* [Source data]:
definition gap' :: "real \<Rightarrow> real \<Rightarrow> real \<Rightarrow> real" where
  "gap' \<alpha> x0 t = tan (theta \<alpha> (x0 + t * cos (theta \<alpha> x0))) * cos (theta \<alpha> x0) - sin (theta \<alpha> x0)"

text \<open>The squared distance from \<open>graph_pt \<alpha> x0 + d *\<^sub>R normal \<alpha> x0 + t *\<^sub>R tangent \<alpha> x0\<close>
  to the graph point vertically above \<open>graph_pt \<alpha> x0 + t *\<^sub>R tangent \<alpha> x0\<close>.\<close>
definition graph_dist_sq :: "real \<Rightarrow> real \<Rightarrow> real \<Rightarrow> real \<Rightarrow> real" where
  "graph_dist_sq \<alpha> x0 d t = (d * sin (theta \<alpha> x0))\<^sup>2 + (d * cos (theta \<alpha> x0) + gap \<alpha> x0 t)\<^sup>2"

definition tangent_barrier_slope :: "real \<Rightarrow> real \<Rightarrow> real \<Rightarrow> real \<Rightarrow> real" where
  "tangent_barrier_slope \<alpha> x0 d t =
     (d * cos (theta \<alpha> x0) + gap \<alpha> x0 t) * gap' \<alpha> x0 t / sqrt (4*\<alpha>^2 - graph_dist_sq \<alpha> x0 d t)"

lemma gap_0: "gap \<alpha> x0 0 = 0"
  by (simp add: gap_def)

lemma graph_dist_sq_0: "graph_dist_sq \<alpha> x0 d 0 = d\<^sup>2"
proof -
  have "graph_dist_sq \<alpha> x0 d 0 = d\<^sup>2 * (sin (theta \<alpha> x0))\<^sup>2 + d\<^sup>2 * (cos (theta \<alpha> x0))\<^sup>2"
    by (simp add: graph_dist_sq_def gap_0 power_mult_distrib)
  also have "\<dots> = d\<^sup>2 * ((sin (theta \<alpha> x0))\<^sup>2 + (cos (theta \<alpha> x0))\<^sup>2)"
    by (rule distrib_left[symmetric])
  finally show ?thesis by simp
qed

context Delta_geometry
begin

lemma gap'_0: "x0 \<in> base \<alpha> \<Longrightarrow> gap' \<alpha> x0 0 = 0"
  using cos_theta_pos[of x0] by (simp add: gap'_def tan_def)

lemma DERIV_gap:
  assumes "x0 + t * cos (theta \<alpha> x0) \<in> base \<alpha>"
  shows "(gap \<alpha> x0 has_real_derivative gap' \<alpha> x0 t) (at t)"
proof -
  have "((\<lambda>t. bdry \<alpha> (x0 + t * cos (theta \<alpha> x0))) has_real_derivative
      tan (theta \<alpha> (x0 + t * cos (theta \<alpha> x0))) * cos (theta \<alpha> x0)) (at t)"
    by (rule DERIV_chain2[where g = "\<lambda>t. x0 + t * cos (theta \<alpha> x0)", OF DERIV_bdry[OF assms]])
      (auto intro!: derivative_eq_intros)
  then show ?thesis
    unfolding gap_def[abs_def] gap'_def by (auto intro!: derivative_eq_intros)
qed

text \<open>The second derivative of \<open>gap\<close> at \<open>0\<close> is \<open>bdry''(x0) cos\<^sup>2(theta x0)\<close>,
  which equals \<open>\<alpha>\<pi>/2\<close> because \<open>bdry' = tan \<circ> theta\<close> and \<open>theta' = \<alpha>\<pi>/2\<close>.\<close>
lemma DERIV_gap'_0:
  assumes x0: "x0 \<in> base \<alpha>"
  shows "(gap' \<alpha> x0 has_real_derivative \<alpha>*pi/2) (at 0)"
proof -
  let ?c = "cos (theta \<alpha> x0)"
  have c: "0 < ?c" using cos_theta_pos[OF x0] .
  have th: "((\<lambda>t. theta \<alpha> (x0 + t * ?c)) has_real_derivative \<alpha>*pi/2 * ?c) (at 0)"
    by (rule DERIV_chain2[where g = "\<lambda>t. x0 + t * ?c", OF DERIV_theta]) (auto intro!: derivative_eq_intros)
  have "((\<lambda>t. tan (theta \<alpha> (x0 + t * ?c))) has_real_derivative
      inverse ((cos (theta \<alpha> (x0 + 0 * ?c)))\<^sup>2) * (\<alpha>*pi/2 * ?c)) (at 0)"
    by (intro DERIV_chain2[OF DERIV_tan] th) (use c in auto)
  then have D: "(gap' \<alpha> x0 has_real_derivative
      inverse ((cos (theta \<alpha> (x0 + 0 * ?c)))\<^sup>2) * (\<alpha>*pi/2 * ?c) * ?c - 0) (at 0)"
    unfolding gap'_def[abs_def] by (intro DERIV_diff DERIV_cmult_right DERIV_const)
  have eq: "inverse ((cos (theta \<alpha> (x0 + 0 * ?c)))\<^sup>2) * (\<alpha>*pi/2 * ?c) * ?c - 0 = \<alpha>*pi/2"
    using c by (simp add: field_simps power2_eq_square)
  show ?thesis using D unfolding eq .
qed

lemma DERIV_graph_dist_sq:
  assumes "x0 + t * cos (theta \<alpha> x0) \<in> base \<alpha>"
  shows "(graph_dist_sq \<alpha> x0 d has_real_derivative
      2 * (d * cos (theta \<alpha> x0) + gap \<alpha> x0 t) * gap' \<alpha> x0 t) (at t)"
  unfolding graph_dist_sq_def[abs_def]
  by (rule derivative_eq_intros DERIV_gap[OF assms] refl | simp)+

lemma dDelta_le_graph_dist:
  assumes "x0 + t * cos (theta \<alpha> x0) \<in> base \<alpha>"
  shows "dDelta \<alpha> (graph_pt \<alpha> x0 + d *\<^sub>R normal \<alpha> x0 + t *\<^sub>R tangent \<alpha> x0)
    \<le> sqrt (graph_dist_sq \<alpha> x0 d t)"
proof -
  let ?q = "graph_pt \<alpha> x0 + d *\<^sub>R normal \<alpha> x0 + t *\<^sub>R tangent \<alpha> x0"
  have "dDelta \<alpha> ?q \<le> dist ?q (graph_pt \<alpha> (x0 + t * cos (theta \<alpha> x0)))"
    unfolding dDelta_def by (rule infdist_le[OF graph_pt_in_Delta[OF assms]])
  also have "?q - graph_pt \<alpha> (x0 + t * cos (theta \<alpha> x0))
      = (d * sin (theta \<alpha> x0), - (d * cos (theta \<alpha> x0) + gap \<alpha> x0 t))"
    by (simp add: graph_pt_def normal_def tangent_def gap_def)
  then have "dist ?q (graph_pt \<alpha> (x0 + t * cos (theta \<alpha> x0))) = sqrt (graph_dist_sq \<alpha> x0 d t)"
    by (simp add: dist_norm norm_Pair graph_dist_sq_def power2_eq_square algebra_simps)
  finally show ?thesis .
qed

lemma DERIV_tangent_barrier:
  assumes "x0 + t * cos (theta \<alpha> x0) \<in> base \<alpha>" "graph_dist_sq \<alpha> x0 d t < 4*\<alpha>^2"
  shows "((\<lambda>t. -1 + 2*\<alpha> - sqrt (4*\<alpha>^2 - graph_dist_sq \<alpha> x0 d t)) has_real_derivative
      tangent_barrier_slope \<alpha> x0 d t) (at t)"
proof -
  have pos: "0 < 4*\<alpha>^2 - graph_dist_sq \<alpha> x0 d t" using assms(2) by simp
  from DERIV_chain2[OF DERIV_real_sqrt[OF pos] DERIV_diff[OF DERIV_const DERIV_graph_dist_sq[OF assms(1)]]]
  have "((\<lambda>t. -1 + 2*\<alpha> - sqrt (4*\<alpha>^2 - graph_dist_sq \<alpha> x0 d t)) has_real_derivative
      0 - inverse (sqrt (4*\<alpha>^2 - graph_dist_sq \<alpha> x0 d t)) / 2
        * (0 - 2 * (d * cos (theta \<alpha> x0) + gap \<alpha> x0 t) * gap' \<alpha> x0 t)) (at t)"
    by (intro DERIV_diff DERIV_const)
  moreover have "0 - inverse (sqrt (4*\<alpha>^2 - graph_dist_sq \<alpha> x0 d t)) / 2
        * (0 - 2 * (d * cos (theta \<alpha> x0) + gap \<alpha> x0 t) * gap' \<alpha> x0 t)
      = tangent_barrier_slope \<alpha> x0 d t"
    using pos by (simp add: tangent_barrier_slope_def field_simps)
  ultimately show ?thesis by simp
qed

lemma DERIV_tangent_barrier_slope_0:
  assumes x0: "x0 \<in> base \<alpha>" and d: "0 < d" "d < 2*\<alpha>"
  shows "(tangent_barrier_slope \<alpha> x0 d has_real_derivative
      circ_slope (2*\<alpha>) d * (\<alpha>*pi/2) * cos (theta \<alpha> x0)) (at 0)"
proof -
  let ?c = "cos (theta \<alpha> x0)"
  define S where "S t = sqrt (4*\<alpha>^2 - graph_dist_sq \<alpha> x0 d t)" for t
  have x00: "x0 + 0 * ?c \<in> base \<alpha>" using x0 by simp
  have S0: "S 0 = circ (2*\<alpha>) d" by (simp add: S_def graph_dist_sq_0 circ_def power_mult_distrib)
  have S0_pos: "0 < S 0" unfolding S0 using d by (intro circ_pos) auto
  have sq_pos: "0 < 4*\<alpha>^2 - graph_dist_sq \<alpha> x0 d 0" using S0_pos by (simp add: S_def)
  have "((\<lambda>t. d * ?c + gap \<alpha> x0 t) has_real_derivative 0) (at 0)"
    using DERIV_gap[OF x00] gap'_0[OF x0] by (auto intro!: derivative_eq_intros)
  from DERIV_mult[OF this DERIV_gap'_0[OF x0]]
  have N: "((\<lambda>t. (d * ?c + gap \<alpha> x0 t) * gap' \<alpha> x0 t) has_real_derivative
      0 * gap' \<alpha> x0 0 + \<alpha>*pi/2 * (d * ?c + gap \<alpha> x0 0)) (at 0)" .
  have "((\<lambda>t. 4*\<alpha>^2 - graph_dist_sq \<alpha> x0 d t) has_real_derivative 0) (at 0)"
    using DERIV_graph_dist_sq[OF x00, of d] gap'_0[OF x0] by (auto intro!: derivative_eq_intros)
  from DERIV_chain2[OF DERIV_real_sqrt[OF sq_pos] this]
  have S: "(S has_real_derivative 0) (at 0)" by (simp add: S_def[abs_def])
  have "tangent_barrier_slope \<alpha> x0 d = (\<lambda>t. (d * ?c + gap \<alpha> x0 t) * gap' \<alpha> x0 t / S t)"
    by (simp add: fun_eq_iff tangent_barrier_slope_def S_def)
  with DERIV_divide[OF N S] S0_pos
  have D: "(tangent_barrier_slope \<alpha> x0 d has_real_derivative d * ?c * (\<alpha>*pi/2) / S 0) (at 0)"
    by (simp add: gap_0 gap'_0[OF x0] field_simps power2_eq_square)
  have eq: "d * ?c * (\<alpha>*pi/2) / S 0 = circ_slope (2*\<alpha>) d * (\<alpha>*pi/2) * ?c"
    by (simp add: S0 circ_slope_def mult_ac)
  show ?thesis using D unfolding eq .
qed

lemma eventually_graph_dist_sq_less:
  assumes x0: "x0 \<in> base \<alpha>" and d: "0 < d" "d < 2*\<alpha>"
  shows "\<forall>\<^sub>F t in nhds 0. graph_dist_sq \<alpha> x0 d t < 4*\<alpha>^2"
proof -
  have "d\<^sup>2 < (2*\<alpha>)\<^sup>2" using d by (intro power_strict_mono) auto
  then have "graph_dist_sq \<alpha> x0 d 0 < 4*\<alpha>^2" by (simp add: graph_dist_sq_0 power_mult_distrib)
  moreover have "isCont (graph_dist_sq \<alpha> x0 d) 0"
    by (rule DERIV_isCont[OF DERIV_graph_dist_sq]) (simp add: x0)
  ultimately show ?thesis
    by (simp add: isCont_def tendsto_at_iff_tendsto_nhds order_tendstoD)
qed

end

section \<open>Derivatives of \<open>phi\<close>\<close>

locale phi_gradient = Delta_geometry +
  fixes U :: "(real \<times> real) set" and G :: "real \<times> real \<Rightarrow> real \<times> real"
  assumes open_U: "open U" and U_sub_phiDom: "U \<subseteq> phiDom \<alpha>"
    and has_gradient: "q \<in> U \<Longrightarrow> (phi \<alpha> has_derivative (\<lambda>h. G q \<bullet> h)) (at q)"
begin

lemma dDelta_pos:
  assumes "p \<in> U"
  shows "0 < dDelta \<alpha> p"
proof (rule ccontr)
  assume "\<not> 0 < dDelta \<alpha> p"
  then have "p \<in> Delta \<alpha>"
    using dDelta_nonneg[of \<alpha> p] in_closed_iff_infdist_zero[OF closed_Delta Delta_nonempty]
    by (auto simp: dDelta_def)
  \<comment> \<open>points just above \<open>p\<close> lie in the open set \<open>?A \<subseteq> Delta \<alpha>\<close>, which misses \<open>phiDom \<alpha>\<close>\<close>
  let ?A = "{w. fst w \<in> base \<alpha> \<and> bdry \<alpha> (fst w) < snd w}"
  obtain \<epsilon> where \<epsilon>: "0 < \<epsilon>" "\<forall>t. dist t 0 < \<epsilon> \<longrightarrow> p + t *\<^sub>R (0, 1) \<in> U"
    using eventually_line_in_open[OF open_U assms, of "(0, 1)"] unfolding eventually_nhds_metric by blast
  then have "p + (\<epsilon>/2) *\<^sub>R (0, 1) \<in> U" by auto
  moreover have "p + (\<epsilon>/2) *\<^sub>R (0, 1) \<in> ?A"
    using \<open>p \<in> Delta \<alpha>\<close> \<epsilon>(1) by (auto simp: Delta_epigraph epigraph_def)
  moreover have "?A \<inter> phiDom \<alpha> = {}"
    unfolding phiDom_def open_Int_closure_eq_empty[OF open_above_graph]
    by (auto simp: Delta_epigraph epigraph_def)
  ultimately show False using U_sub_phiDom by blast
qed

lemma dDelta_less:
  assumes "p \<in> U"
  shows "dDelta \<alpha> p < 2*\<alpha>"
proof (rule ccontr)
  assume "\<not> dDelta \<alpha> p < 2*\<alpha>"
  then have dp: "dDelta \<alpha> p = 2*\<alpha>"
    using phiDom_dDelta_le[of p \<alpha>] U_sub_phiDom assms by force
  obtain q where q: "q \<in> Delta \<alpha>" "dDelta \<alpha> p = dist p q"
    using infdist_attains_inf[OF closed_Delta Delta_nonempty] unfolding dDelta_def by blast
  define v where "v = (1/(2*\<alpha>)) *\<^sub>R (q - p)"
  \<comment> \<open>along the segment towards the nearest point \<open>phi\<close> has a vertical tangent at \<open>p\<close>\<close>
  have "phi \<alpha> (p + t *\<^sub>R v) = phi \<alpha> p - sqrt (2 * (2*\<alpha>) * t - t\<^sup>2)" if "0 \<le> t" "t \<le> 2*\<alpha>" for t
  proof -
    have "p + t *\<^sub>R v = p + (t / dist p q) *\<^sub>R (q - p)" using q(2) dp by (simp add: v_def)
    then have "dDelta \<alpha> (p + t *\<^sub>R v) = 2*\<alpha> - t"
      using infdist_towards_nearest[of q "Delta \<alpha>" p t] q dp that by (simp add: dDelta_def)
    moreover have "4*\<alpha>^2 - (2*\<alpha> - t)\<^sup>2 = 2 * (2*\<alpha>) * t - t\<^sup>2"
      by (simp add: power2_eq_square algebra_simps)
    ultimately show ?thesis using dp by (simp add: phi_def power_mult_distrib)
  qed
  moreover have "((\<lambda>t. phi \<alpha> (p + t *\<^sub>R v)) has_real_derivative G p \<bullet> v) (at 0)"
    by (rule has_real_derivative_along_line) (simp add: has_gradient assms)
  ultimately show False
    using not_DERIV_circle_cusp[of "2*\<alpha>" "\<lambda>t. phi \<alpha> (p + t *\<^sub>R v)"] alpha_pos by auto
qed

...

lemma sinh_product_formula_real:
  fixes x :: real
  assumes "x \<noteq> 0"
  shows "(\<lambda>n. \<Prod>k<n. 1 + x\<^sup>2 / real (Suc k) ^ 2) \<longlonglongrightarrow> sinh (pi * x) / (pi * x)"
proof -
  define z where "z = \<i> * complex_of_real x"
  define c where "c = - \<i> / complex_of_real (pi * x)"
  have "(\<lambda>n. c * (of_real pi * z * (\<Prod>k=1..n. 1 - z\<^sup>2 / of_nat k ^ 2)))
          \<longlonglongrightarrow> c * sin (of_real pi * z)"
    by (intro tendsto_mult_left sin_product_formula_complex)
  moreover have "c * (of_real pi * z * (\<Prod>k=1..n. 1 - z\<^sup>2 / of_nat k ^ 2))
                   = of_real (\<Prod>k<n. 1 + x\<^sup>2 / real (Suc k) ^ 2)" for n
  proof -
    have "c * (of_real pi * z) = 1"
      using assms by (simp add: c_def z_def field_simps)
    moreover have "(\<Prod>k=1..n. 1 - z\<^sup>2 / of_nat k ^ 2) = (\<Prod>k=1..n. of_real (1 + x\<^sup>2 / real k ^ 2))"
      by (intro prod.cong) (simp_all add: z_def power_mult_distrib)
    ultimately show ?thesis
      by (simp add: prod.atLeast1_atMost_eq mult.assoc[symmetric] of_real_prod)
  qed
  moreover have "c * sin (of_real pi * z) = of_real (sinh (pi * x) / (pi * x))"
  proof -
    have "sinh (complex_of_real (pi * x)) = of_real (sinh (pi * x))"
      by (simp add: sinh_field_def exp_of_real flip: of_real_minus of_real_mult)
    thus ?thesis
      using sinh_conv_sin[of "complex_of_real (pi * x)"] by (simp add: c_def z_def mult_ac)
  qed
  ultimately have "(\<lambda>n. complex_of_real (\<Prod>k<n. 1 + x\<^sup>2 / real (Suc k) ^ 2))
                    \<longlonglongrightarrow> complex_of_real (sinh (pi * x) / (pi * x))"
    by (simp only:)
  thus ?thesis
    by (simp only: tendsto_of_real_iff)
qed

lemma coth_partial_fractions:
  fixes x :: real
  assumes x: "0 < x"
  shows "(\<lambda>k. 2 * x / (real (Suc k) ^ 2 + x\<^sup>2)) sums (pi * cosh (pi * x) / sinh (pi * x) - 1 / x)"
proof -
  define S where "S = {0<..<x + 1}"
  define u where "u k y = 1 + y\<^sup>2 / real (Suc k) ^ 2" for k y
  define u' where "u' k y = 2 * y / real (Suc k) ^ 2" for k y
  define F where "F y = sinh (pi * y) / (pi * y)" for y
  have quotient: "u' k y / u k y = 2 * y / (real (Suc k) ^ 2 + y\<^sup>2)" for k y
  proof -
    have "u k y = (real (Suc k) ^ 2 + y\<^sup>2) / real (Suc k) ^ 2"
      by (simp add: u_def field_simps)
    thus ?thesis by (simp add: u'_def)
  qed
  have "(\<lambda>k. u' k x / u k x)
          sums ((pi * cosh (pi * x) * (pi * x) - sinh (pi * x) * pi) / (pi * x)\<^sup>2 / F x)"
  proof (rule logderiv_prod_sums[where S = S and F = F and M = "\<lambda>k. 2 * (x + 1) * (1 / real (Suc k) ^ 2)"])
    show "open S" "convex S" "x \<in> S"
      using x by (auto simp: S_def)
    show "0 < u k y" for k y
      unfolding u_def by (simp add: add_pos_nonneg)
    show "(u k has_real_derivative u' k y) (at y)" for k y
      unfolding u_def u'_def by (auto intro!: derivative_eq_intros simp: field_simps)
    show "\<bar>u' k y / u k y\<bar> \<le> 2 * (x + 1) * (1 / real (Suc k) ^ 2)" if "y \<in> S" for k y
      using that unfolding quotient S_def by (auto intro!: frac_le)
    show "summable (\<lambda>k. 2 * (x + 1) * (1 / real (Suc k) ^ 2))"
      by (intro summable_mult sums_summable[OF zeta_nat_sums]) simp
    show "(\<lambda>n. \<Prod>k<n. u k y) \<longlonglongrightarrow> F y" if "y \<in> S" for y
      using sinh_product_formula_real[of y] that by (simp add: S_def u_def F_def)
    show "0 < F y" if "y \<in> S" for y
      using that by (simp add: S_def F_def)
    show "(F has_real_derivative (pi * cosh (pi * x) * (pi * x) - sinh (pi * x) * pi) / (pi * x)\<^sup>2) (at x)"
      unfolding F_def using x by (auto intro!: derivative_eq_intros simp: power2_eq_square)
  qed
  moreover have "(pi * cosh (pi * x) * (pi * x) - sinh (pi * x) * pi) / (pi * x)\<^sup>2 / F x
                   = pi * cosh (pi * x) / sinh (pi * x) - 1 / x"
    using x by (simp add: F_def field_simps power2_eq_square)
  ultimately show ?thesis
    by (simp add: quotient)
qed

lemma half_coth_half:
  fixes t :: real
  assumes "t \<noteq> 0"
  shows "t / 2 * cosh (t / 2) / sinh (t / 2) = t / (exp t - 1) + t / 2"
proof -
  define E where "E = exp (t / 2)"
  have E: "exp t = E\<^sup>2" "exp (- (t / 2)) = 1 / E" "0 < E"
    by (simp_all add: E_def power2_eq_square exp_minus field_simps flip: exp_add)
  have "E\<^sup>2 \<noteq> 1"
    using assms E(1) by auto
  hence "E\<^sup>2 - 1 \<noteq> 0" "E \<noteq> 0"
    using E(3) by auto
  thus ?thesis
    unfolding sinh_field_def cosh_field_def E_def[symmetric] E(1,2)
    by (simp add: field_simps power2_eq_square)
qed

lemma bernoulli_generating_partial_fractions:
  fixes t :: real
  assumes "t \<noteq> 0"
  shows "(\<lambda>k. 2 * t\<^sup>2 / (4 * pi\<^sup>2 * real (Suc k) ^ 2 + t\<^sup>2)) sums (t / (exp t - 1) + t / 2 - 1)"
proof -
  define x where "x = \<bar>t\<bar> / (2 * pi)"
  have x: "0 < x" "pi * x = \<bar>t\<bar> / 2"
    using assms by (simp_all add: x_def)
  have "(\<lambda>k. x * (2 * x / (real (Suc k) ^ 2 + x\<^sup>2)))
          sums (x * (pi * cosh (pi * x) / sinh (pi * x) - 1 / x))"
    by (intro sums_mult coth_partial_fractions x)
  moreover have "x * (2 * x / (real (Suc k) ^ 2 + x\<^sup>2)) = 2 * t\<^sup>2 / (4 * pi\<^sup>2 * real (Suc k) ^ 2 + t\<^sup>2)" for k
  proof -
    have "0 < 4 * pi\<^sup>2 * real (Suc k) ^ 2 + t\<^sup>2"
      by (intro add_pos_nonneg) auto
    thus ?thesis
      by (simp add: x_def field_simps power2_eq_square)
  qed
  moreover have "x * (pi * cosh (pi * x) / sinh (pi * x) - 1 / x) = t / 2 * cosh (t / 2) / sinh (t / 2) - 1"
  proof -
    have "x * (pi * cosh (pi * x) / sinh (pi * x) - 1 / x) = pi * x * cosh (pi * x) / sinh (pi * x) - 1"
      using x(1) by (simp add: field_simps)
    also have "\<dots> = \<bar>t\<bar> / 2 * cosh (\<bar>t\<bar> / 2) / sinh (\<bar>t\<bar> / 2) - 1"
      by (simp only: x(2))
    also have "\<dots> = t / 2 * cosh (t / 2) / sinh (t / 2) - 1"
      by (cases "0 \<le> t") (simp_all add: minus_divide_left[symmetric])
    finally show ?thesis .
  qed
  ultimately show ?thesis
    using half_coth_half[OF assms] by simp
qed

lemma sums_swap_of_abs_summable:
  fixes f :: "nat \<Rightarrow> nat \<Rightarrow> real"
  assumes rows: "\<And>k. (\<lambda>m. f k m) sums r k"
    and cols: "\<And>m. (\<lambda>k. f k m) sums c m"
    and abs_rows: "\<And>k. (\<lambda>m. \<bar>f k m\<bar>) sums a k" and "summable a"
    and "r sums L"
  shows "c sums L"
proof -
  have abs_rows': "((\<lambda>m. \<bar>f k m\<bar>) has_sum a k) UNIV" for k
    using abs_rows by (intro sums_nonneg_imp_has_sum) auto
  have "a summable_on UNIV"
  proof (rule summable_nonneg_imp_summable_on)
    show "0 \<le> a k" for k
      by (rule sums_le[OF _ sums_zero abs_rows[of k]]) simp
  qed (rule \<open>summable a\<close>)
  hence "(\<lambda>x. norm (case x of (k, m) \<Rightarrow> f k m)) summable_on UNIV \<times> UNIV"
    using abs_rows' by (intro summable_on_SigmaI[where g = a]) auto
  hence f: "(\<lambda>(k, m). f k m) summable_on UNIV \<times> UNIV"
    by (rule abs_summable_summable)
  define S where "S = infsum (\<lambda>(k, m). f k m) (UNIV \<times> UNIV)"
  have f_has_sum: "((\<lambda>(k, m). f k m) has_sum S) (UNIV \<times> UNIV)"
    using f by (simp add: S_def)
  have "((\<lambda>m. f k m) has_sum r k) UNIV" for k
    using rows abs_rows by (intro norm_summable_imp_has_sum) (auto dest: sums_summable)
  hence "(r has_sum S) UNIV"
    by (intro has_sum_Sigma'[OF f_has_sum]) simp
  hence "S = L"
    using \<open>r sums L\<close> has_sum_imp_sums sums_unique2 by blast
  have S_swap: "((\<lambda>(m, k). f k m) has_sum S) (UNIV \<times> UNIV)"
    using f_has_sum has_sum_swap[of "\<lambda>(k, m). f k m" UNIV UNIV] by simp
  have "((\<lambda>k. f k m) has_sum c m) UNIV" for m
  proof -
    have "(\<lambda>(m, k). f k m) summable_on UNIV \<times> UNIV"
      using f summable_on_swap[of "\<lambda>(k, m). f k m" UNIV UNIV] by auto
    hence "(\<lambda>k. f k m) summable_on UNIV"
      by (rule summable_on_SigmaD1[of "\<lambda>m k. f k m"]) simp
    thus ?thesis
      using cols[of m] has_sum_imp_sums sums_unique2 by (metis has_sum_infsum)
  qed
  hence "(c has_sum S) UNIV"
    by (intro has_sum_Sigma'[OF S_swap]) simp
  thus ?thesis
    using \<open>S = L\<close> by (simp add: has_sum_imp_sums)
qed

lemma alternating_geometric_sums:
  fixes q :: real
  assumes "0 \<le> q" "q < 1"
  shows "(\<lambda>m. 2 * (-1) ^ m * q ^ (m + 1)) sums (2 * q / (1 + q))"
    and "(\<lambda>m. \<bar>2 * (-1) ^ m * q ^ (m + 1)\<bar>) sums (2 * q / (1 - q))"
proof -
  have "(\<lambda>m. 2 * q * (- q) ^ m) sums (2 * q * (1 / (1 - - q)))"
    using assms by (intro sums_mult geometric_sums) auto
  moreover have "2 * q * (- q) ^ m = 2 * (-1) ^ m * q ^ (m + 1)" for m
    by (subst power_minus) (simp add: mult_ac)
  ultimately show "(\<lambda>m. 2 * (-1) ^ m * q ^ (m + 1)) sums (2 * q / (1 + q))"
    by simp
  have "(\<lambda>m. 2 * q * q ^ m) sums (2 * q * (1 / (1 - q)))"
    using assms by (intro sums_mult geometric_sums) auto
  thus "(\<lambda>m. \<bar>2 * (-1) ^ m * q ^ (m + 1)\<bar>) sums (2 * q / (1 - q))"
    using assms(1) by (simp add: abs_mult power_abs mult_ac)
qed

* [Work item]:
From the material above, set down exactly the lines starting at the one with "by (intro tendsto_mult_left" and ending at the one with "(complex_of_real (pi *", end lines included.

* [Output of the task]:
    by (intro tendsto_mult_left sin_product_formula_complex)
  moreover have "c * (of_real pi * z * (\<Prod>k=1..n. 1 - z\<^sup>2 / of_nat k ^ 2))
                   = of_real (\<Prod>k<n. 1 + x\<^sup>2 / real (Suc k) ^ 2)" for n
  proof -
    have "c * (of_real pi * z) = 1"
      using assms by (simp add: c_def z_def field_simps)
    moreover have "(\<Prod>k=1..n. 1 - z\<^sup>2 / of_nat k ^ 2) = (\<Prod>k=1..n. of_real (1 + x\<^sup>2 / real k ^ 2))"
      by (intro prod.cong) (simp_all add: z_def power_mult_distrib)
    ultimately show ?thesis
      by (simp add: prod.atLeast1_atMost_eq mult.assoc[symmetric] of_real_prod)
  qed
  moreover have "c * sin (of_real pi * z) = of_real (sinh (pi * x) / (pi * x))"
  proof -
    have "sinh (complex_of_real (pi * x)) = of_real (sinh (pi * x))"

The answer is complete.